BNCreek considers each of the case base members at the time and utilizes Dijkstra’s Algorithm  [15] to extract all possible paths in the knowledge model that represent relation sequences between any features in the input case (\(f_i\)) and all the features in the retrieved case (\(f_j\)).

Consider case 2 as a retrieved case. Here, the partial similarity degree calculation between “LC shrimp”, a feature from the retrieved case, and the “LC chicken”, a feature from the input case, are presented. See Fig. 2 for cases descriptions and Fig. 5 for the extracted paths between the two features. The various causal strengths reveal the effect of Bayesian analysis.

Fig. 5.
figure 5

All possible paths between “LC chicken” and “LC shrimp” features from the input and retrieved cases, respectively

To explain the similarity strength between any coupled features, Eq. 2 is applied. To compute the explanation strength(\(f_i,f_j\)), the strength of any path between (\(f_i\)) and (\(f_j\)) is computed by multiplying its R relation strengths, then all the P path strengths are multiplied. Consider “LC chicken” as \(f_i\), “LC shrimp” as \(f_j\) and Fig. 5 for possible paths between them. The \(1- path strength\) for the first path in Fig. 5 is \(1- (0.9*0.9*0.9*0.9)\), which is 0.35 and for rest of the paths will be equal to 0.47, 0.71, 0.51, 0.71, 0.71. The multiplication of them is approximately 0.04. Finally the strengths between considered \(f_i\) and \(f_j\) is \(1 - 0.4\), which is 0.96. For the situations where the paired features are the same (exact matched features), the explanation strength is considered as 1.

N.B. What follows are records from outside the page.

(* Let $\beta,\gamma>0$ with $m^{-\beta}(\log m)^\gamma\le1$. There is a constant $C>0$ independent of $m$, $t_0$, $t$ and of the initial condition such that for every solution $\theta(t)$ of the gradient flow, every $0\le t_0\le t$ such that $q_{\max}(s)\le m^{-\beta}(\log m)^\gamma$ for all $s\in[t_0,t]$, and every $i\in\{2,\dots,d\}$, $$\Big(\sum_{k=1}^m (w_k^i(t))^2\Big)^{1/2}\le\Big(\sum_{k=1}^m (w_k^i(t_0))^2\Big)^{1/2}+C\max\Big\{\frac{(\log m)^{3\gamma}}{m^{3\beta-\frac12}},\ \frac{(\log m)^{5\gamma}}{m^{5\beta-\frac32}}\Big\}(t-t_0).$$
   Context: Fix integers $d\ge2$, $m\ge2$. For $\theta=(a_k,w_k)_{k=1}^m$, $w_k=(w_k^1,\dots,w_k^d)^T$, let $f_\theta(x)=\sum_{k=1}^m a_k\sigma(w_k^Tx)$ and $R(\theta)=\tfrac12\int(f_\theta-f)^2\rho\,dx$, where $\rho$ is a compactly supported probability density on $\mathbb R^d$ with $\int x_i^2\rho=1$, $\int x_ix_j\rho=0$ ($i\ne j$); $f$ is bounded on $\mathrm{supp}\,\rho$ with $\int f(x)x\rho(x)dx=(1,0,\dots,0)^T$; $\sigma$ is three times differentiable with $\sigma(0)=0,\sigma'(0)=1,\sigma''(0)=0$, $|\sigma'''|\le C_{\rm L}$. The gradient flow is $\dot\theta=-\nabla_\theta R(\theta)$, and $q_{\max}(t)=\max_{k\in[m],i\in[d]}\{|a_k(t)|,|w_k^i(t)|\}$. $\log$ is natural. *)

theory Defs
  imports "HOL-Analysis.Analysis"
begin

definition net :: "(real \<Rightarrow> real) \<Rightarrow> nat \<Rightarrow> (nat \<Rightarrow> real) \<Rightarrow> (nat \<Rightarrow> real^'d) \<Rightarrow> real^'d \<Rightarrow> real" where
  "net \<sigma> m a w x = (\<Sum>k<m. a k * \<sigma> (w k \<bullet> x))"

definition risk :: "(real \<Rightarrow> real) \<Rightarrow> (real^'d \<Rightarrow> real) \<Rightarrow> (real^'d \<Rightarrow> real) \<Rightarrow> nat
    \<Rightarrow> (nat \<Rightarrow> real) \<Rightarrow> (nat \<Rightarrow> real^'d) \<Rightarrow> real" where
  "risk \<sigma> f \<rho> m a w = (1/2) * integral\<^sup>L lborel (\<lambda>x. (net \<sigma> m a w x - f x)^2 * \<rho> x)"

definition upd_comp :: "real^'d \<Rightarrow> 'd \<Rightarrow> real \<Rightarrow> real^'d" where
  "upd_comp v i c = (\<chi> j. if j = i then c else v $ j)"

definition grad_flow :: "(real \<Rightarrow> real) \<Rightarrow> (real^'d \<Rightarrow> real) \<Rightarrow> (real^'d \<Rightarrow> real) \<Rightarrow> nat
    \<Rightarrow> (real \<Rightarrow> nat \<Rightarrow> real) \<Rightarrow> (real \<Rightarrow> nat \<Rightarrow> real^'d) \<Rightarrow> bool" where
  "grad_flow \<sigma> f \<rho> m a w \<longleftrightarrow>
     (\<forall>s\<ge>0. \<forall>k<m.
        (\<exists>D. ((\<lambda>c. risk \<sigma> f \<rho> m ((a s)(k := c)) (w s)) has_real_derivative D) (at (a s k))
             \<and> ((\<lambda>\<tau>. a \<tau> k) has_real_derivative (- D)) (at s within {0..}))
      \<and> (\<forall>i. \<exists>D. ((\<lambda>c. risk \<sigma> f \<rho> m (a s) ((w s)(k := upd_comp (w s k) i c))) has_real_derivative D)
                    (at (w s k $ i))
             \<and> ((\<lambda>\<tau>. w \<tau> k $ i) has_real_derivative (- D)) (at s within {0..})))"

definition qmax :: "nat \<Rightarrow> (nat \<Rightarrow> real) \<Rightarrow> (nat \<Rightarrow> real^'d::finite) \<Rightarrow> real" where
  "qmax m a w = Max ({\<bar>a k\<bar> | k. k < m} \<union> {\<bar>w k $ i\<bar> | k i. k < m})"

end

theory Submission
  imports Defs
begin

(* For a direction i other than j0 the target is uncorrelated with x_i. Since
   sigma z = z + O(z^3) and sigma' z = 1 + O(z^2), isotropy of rho turns the velocity of
   w_k^i into -a_k * (sum_l a_l w_l^i), up to an error of order m q^5 + q^3 when all
   parameters are bounded by q <= 1. This rank-one part can only shrink the Euclidean
   norm of the vector (w_k^i)_k, so that norm grows at rate at most sqrt m times the
   error, which for q = m^-beta (log m)^gamma is the stated rate. *)

section \<open>Real-variable estimates\<close>

lemma DERIV_abs_increment_le:
  fixes g g' :: "real \<Rightarrow> real"
  assumes "\<And>y. (g has_real_derivative g' y) (at y)"
    and "\<And>y. \<bar>y - z\<bar> \<le> \<bar>t\<bar> \<Longrightarrow> \<bar>g' y\<bar> \<le> K"
  shows "\<bar>g (z + t) - g z\<bar> \<le> K * \<bar>t\<bar>"
  using field_differentiable_bound[of "cball z \<bar>t\<bar>" g g' K "z + t" z] assms
  by (auto simp: dist_real_def has_field_derivative_at_within)
lemma sum_lift1_diag_units: "(\<Sum>a\<in>C1. lift1 (mat_unit a a)) = mat_id C"
proof -
  have "(\<Sum>a\<in>C1. lift1 (mat_unit a a)) = kron (\<Sum>a\<in>C1. mat_unit a a) (mat_id C2)"
    by (simp add: lift1_def kron_sum_left)
  also have "\<dots> = kron (mat_id C1) (mat_id C2)"
  proof (rule kron_cong)
    show "\<And>b b'. mat_id C2 b b' = mat_id C2 b b'" by simp
  next
    fix i j assume ij: "i \<in> C1" "j \<in> C1"
    have "(\<Sum>a\<in>C1. mat_unit a a) i j = (\<Sum>a\<in>C1. if a = i then (if i = j then 1 else 0) else 0)"
      unfolding sum_apply by (intro sum.cong refl) (auto simp: mat_unit_def)
    also have "\<dots> = mat_id C1 i j" using finite_C1 ij by (simp add: mat_id_def)
    finally show "(\<Sum>a\<in>C1. mat_unit a a) i j = mat_id C1 i j" .
  qed
  finally show ?thesis by (simp add: mat_id_kron)
qed

lemma mat_adj_lift1_unit: "mat_adj (lift1 (mat_unit a b)) = lift1 (mat_unit b a)"
  unfolding lift1_def mat_adj_kron mat_adj_id
  by (rule kron_cong) (auto simp: mat_adj_def mat_unit_def)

$$\begin{aligned} explanation\, strength(f_i,f_j) = 1-\mathop {\prod }\nolimits _{p=1}^{P}(1-\mathop {\prod }\nolimits _{r=1}^{R}relation strength_{rp}) \end{aligned}$$
(2)
(3)

The similarity between input case \((C_{IN})\) and the retrieved case \((C_{RE})\) is computed by summing up all the multiplication of explanation strength of \((f_i,f_j)\) with a relevance factor of \(f_j\) divided by the summation of the relevance factor of \(f_j\) multiplied by \(\beta \) (explanation strength(\(f_i,f_j\))). \(\beta \) (explanation strength(\(f_i,f_j\))) is a binary function, which is equal to one when explanation strength(\(f_i,f_j)\) is not zero. Number of features in input and retrieved cases are shown by ’m’ and ’n’. See Eq. 3.

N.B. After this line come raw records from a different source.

(* Let $K=[s,t]$ with $0<s<t<\xi$. There are constants $C=C(K)>0$ and $D\ge0$ such that for every $\sigma\in\mathcal A^*$ with $\pi(\sigma)\in K$, $$\|M(\sigma)\|_1\le C|\sigma|^D\eta(\sigma),$$ where $\|\cdot\|_1$ is the operator norm induced by the $\ell^1$ norm.
   Context: Fix integers $d\ge 3$ and $m\ge d$ and a probability vector $\mathbf p=(p_0,\dots,p_m)$ with all $p_i>0$ which is regular, normalized so that $p_0\le p_m\le p_i$ for all $1\le i\le m-1$. Let $\mathcal A=\{0,\dots,m\}$, $\mathcal A^k$ the set of words of length $k$, $\mathcal A^*=\bigcup_{k\ge0}\mathcal A^k$, $|\sigma|$ the length of $\sigma$. Put $\xi=m/(d-1)$. Define $\pi(\sigma)=\sum_{i=1}^{|\sigma|}\sigma_i d^{-i}$. For $\sigma\in\mathcal A^k$ let $\mathbf p(\sigma)=\prod_{j=1}^k p_{\sigma_j}$ and $\eta(\sigma)=\sum\{\mathbf p(\sigma'):\sigma'\in\mathcal A^k,\ \pi(\sigma')=\pi(\sigma)\}$. Let $a=1+\lfloor (m-d)/(d-1)\rfloor$, set $p_j=0$ for $j\notin\mathcal A$, and let $M_i$ ($i\in\mathcal A$) be the $(2a+1)\times(2a+1)$ matrix indexed by $\{-a,\dots,a\}^2$ with $M_i(k,l)=p_{k+i-ld}$; $M(\sigma)=M_{\sigma_k}\cdots M_{\sigma_1}$ for $\sigma\in\mathcal A^k$. *)

theory Defs
  imports Complex_Main
begin

text \<open>Words over the alphabet {0..m} are lists of naturals; the i-th letter
  sigma_i (1-based) is the list element at position i-1.\<close>

definition words :: "nat \<Rightarrow> nat \<Rightarrow> nat list set" where
  "words m k = {\<sigma>. length \<sigma> = k \<and> set \<sigma> \<subseteq> {0..m}}"

definition proj :: "nat \<Rightarrow> nat list \<Rightarrow> real" where
  "proj d \<sigma> = (\<Sum>i<length \<sigma>. real (\<sigma> ! i) / real d ^ (i + 1))"

definition wprob :: "(nat \<Rightarrow> real) \<Rightarrow> nat list \<Rightarrow> real" where
  "wprob p \<sigma> = (\<Prod>j<length \<sigma>. p (\<sigma> ! j))"

definition eta :: "nat \<Rightarrow> nat \<Rightarrow> (nat \<Rightarrow> real) \<Rightarrow> nat list \<Rightarrow> real" where
  "eta d m p \<sigma> =
     (\<Sum>\<sigma>' \<in> {\<sigma>' \<in> words m (length \<sigma>). proj d \<sigma>' = proj d \<sigma>}. wprob p \<sigma>')"

definition apar :: "nat \<Rightarrow> nat \<Rightarrow> int" where
  "apar d m = 1 + \<lfloor>(real m - real d) / (real d - 1)\<rfloor>"

definition idx :: "nat \<Rightarrow> nat \<Rightarrow> int set" where
  "idx d m = {- apar d m .. apar d m}"

definition pext :: "nat \<Rightarrow> (nat \<Rightarrow> real) \<Rightarrow> int \<Rightarrow> real" where
  "pext m p j = (if 0 \<le> j \<and> j \<le> int m then p (nat j) else 0)"

definition mat_mult :: "int set \<Rightarrow> (int \<Rightarrow> int \<Rightarrow> real) \<Rightarrow> (int \<Rightarrow> int \<Rightarrow> real) \<Rightarrow> int \<Rightarrow> int \<Rightarrow> real" where
  "mat_mult I A B = (\<lambda>k l. \<Sum>j\<in>I. A k j * B j l)"

definition mat_id :: "int \<Rightarrow> int \<Rightarrow> real" where
  "mat_id = (\<lambda>k l. if k = l then 1 else 0)"

definition mat_vec :: "int set \<Rightarrow> (int \<Rightarrow> int \<Rightarrow> real) \<Rightarrow> (int \<Rightarrow> real) \<Rightarrow> int \<Rightarrow> real" where
  "mat_vec I A x = (\<lambda>k. \<Sum>l\<in>I. A k l * x l)"

definition l1norm :: "int set \<Rightarrow> (int \<Rightarrow> real) \<Rightarrow> real" where
  "l1norm I x = (\<Sum>k\<in>I. \<bar>x k\<bar>)"

definition opnorm1 :: "int set \<Rightarrow> (int \<Rightarrow> int \<Rightarrow> real) \<Rightarrow> real" where
  "opnorm1 I A = Sup {l1norm I (mat_vec I A x) | x. l1norm I x \<le> 1}"

definition Mi :: "nat \<Rightarrow> nat \<Rightarrow> (nat \<Rightarrow> real) \<Rightarrow> nat \<Rightarrow> int \<Rightarrow> int \<Rightarrow> real" where
  "Mi d m p i = (\<lambda>k l. pext m p (k + int i - l * int d))"

text \<open>M(sigma) = M_{sigma_k} ... M_{sigma_1}.\<close>

fun Mw :: "nat \<Rightarrow> nat \<Rightarrow> (nat \<Rightarrow> real) \<Rightarrow> nat list \<Rightarrow> int \<Rightarrow> int \<Rightarrow> real" where
  "Mw d m p [] = mat_id"
| "Mw d m p (i # \<sigma>) = mat_mult (idx d m) (Mw d m p \<sigma>) (Mi d m p i)"

end

theory Submission
  imports Defs
begin

(* Let N be the base-d value of sigma and F_n(X) the total p-weight of the words of length n
   with base-d value X, so that eta(sigma) = F_n(N).  Every entry M(sigma)(k,l) is at most
   F_n(N + k - l d^n).  As consecutive p_i have bounded ratios, F_n(X + 1) and F_n(X - 1) are at
   most K(n+1) F_n(X) for 0 <= X <= m(d^n - 1)/(d - 1); the normalisation p_0 <= p_(d-1) and
   p_m <= p_(m+1-d) pays for the carries.  So the shift by k costs a polynomial factor.  The shift
   by l d^n is removed by peeling off last digits: as long as X/d^n stays in a compact subinterval
   of (0, xi), it stays there after removing a digit, so its cost is that of a shift at a fixed
   level R, a constant.  Words shorter than R are handled by eta(sigma) >= p(sigma) >= (min p)^R. *)

lemma opnorm1_le_card_mult:
  assumes "finite I" and entry: "\<And>k l. k \<in> I \<Longrightarrow> l \<in> I \<Longrightarrow> \<bar>A k l\<bar> \<le> E"
  shows "opnorm1 I A \<le> real (card I) * E"
  unfolding opnorm1_def
proof (rule cSup_least)
  have "l1norm I (\<lambda>_. 0) \<le> 1"
    by (simp add: l1norm_def)
  then show "{l1norm I (mat_vec I A x) |x. l1norm I x \<le> 1} \<noteq> {}"
    by blast
  fix y assume "y \<in> {l1norm I (mat_vec I A x) |x. l1norm I x \<le> 1}"
  then obtain x where y: "y = l1norm I (mat_vec I A x)" and x: "l1norm I x \<le> 1" by blast
  have "y \<le> (\<Sum>k\<in>I. \<Sum>l\<in>I. E * \<bar>x l\<bar>)"
    unfolding y l1norm_def mat_vec_def
  proof (rule sum_mono)
    fix k assume "k \<in> I"
    have "\<bar>\<Sum>l\<in>I. A k l * x l\<bar> \<le> (\<Sum>l\<in>I. \<bar>A k l\<bar> * \<bar>x l\<bar>)"
      unfolding abs_mult[symmetric] by (rule sum_abs)
    also have "\<dots> \<le> (\<Sum>l\<in>I. E * \<bar>x l\<bar>)"
      by (intro sum_mono mult_right_mono entry \<open>k \<in> I\<close>) auto
    finally show "\<bar>\<Sum>l\<in>I. A k l * x l\<bar> \<le> (\<Sum>l\<in>I. E * \<bar>x l\<bar>)" .
  qed
  also have "\<dots> = real (card I) * (E * l1norm I x)"
    by (simp add: l1norm_def sum_distrib_left)
  also have "\<dots> \<le> real (card I) * E"
  proof (cases "I = {}")
    case False
    then obtain k where "k \<in> I"
      by blast
    then have "0 \<le> E"
      using entry[of k k] by linarith
    with x show ?thesis
      by (intro mult_left_mono mult_left_le) auto
  qed simp
  finally show "y \<le> real (card I) * E" .
qed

The calculation of the total similarity between case6 and case2 are presented here. For the numerator of Eq. 3, the explanation strength between any coupled features from the input and retrieved cases (e.g. “LC chicken” and “LC shrimp”) is multiplied to the relevance factor of the retrieved case feature (i.e., “LC shrimp”), which is 0.96*0.9 and is equal to 0.86. Then the numerator is \(1*0.9+1*0.9+1*0.9+0.9*0.89+0.9*0.59+0.9*0.85+0.9*0.47+0.9*0.56+0.9*0.96+0.9*0.67+0.9*0.73+0.7*0.84+0.7*0.65+0.7*0.89+0.7*0.89\), which is rounded to 10. In the denominator, for each feature from the input case, the relevance factors of the retrieved case will be multiplied by the binary function \(\beta \) and add together. \(\beta \) for any explained coupled feature is 1. For the directly matched couples, the relevance factors of the retrieved case will be summed up once. Due to the cases descriptions, cases 6 and 2 have 3 direct matched and 6 explained features. Then the denominator will be \((1*0.9 +1*0.7+1*0.7+1*0.9)*6\) for the explained coupled features plus \(1*0.9+1*0.9+1*0.7+1*0.9+1*0.7+1*0.9+1*0.9\) for the direct matched coupled features, which is 25. Finally, the total similarity between case6 and case2 is 10/25 that is 0.4.

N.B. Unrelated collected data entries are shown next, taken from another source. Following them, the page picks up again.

lemma crossing_eq_right:
  assumes "c \<le> \<phi> b"
  shows "crossing a b \<phi> c = b"
proof (rule ccontr)
  assume "crossing a b \<phi> c \<noteq> b"
  then have "crossing a b \<phi> c < b"
    using crossing_mem by (simp add: order.strict_iff_order)
  then have "\<phi> (crossing a b \<phi> c) \<le> c" "\<phi> b < \<phi> (crossing a b \<phi> c)"
    using crossing_le_level monotone_onD[OF dec crossing_mem] le by auto
  with assms show False by linarith
qed

end

lemma strategies_mem:
  assumes "p \<in> strategies K" "i < K"
  shows "p i \<in> {0..1}"
proof -
  have "p i \<le> (\<Sum>j<K. p j)"
    using assms by (intro member_le_sum) (auto simp: strategies_def)
  then show ?thesis using assms by (simp add: strategies_def)
qed

lemma strategies_neq:
  assumes "p \<in> strategies K" "q \<in> strategies K" "p \<noteq> q"
  obtains i where "i < K" "p i \<noteq> q i"
proof -
  obtain i where "p i \<noteq> q i" using assms(3) by (meson ext)
  moreover have "i < K"
  proof (rule ccontr)
    assume "\<not> i < K"
    then show False using \<open>p i \<noteq> q i\<close> assms(1,2) by (simp add: strategies_def)
  qed
  ultimately show ?thesis using that by blast
qed
lemma upper_exp_approx_err:
  assumes "w0 \<le> 2 ^ P" "w1 \<le> 2 ^ P" "\<bar>w0 / 2 ^ P - V False\<bar> \<le> e" "\<bar>w1 / 2 ^ P - V True\<bar> \<le> e"
  shows "upper_exp_approx qL qU P (enc_str t) w0 w1 \<le> 2 ^ P
    \<and> \<bar>upper_exp_approx qL qU P (enc_str t) w0 w1 / 2 ^ P - upper_exp (\<phi> t) V\<bar> \<le> e + 3 / 2 ^ P"
  using assms forecasting_system_interval[OF fs, of t]
    dyadic_approx_err[OF _ _ qL[of t P]] dyadic_approx_err[OF _ _ qU[of t P]]
  unfolding upper_exp_approx_def upper_exp_forecast[OF fs]
  by (intro conjI interp_max_le interp_max_err dyadic_approx_le) auto

lemma upper_prob_approx_err:
  assumes x: "x = prod_encode (enc_DNS encD (d, p, s), N)"
  shows "\<bar>real_of_rat (rat_of_code (upper_prob_approx g qL qU x)) - horizon_value \<phi> {t. (d, p, t) \<in> C} p s\<bar>
    \<le> (1/2) ^ N"
proof -
  define A where "A = {t. (d, p, t) \<in> C}"
  define K where "K = p - length s"
  define P where "P = N + K + 2"
  define leafA where "leafA t = of_bool (hits A p t) * (2::nat) ^ P" for t
  define stepA where "stepA t = upper_exp_approx qL qU P (enc_str t)" for t
  let ?W = "backward (\<lambda>t w. stepA t (w False) (w True)) leafA K s"
  have "real_of_rat (rat_of_code (upper_prob_approx g qL qU x)) = ?W / 2 ^ P"
  proof -
    have "upper_prob_approx g qL qU x = prod_encode (2 * tree_rec
        (\<lambda>j. leafA (bits (bin_val s * 2 ^ K + j) (length s + K)))
        (\<lambda>r j. stepA (bits (bin_val s * 2 ^ (K - Suc r) + j) (length s + K - Suc r))) K 0, 2 ^ P - 1)"
      by (simp add: upper_prob_approx_def query_enc_DNS[OF x] hits_code_eq leafA_def stepA_def A_def K_def P_def)
    also have "\<dots> = prod_encode (2 * ?W, 2 ^ P - 1)"
      using tree_rec_bits[of K K leafA "bin_val s" "length s" stepA 0] by (simp add: bits_bin_val)
    finally show ?thesis by (simp only: rat_of_code_dyadic)
  qed
  moreover have "\<bar>?W / 2 ^ P - horizon_value \<phi> A p s\<bar> \<le> K * (3 / 2 ^ P)"
    unfolding horizon_value_def K_def[symmetric]
  proof (rule conjunct2[OF backward_approx])
    show "leafA t \<le> 2 ^ P \<and> leafA t / 2 ^ P = of_bool (hits A p t)" for t
      by (simp add: leafA_def)
    show "stepA t w0 w1 \<le> 2 ^ P \<and> \<bar>stepA t w0 w1 / 2 ^ P - upper_exp (\<phi> t) V\<bar> \<le> e + 3 / 2 ^ P"
      if "w0 \<le> 2 ^ P" "w1 \<le> 2 ^ P" "\<bar>w0 / 2 ^ P - V False\<bar> \<le> e" "\<bar>w1 / 2 ^ P - V True\<bar> \<le> e"
      for t w0 w1 V e
      using upper_exp_approx_err[OF that] by (simp add: stepA_def)
  qed
  moreover have "K * (3 / 2 ^ P) \<le> (1/2) ^ N"
    using three_mult_div_power2_le[of K N] by (simp add: P_def)
  ultimately show ?thesis unfolding A_def by linarith
qed

end

theorem lemma5p1:
  fixes \<phi> :: "bool list \<Rightarrow> real set"
    and encD :: "'d \<Rightarrow> nat"
    and C :: "('d \<times> nat \<times> bool list) set"
  assumes "forecasting_system \<phi>"
    and "computable_forecast \<phi>"
    and "inj encD"
    and "recursive_set (enc_DNS encD) C"
    and "\<forall>(d, p, s)\<in>C. length s \<le> p"
  shows "computable_real (enc_DNS encD)
           (\<lambda>(d, p, s). real_of_ereal (upper_prob \<phi> (cyl_set {t. (d, p, t) \<in> C}) s))"
proof -
  obtain g where g: "recursive_fun g" "\<And>e. e \<in> C \<longleftrightarrow> g (enc_DNS encD e) = 0"
    using assms(4) unfolding recursive_set_def by blast
  obtain qL qU where qL: "recursive_fun qL"
      "\<And>t M. \<bar>Inf (\<phi> t) - real_of_rat (rat_of_code (qL (prod_encode (enc_str t, M))))\<bar> \<le> (1/2) ^ M"
    and qU: "recursive_fun qU"
      "\<And>t M. \<bar>Sup (\<phi> t) - real_of_rat (rat_of_code (qU (prod_encode (enc_str t, M))))\<bar> \<le> (1/2) ^ M"
    using assms(2) unfolding computable_forecast_def computable_real_def by blast
  have "\<bar>real_of_ereal (upper_prob \<phi> (cyl_set {t. (d, p, t) \<in> C}) s)
      - real_of_rat (rat_of_code (upper_prob_approx g qL qU (prod_encode (enc_DNS encD (d, p, s), N))))\<bar> \<le> (1/2) ^ N"
    for d p s N
  proof -
    have "\<forall>u\<in>{t. (d, p, t) \<in> C}. length u \<le> p" using assms(5) by auto
    from upper_prob_cyl_set[OF assms(1) this] show ?thesis
      using upper_prob_approx_err[OF assms(1) g(2) qL(2) qU(2) assms(5) refl, of d p s N]
      by (simp add: abs_minus_commute)
  qed
  then show ?thesis
    unfolding computable_real_def using recursive_upper_prob_approx[OF g(1) qL(1) qU(1)] by fast
qed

The system computes the similarity between the input case and all the cases from the case base (Algorithm 1 lines 7 to 11).

3.2 Explanations in BNCreek

There are two uses of explanations in the knowledge-based systems. One is the explanation that a system may produce for the user’s benefit, e.g., to explain its reasoning steps or to justify why a particular conclusion was drawn. The other one is the internal explanation a system may construct for itself during problem-solving. BNCreek provides internal explanations for solving the problems, which are related to the “explanation strength” between two concepts in the model. A graphical causal explanation is generated to show the causal chains behind the observed symptoms for the benefit of the user.

Fig. 6.
figure 6

An explanation structure from which a causal explanation in the food domain can be derived.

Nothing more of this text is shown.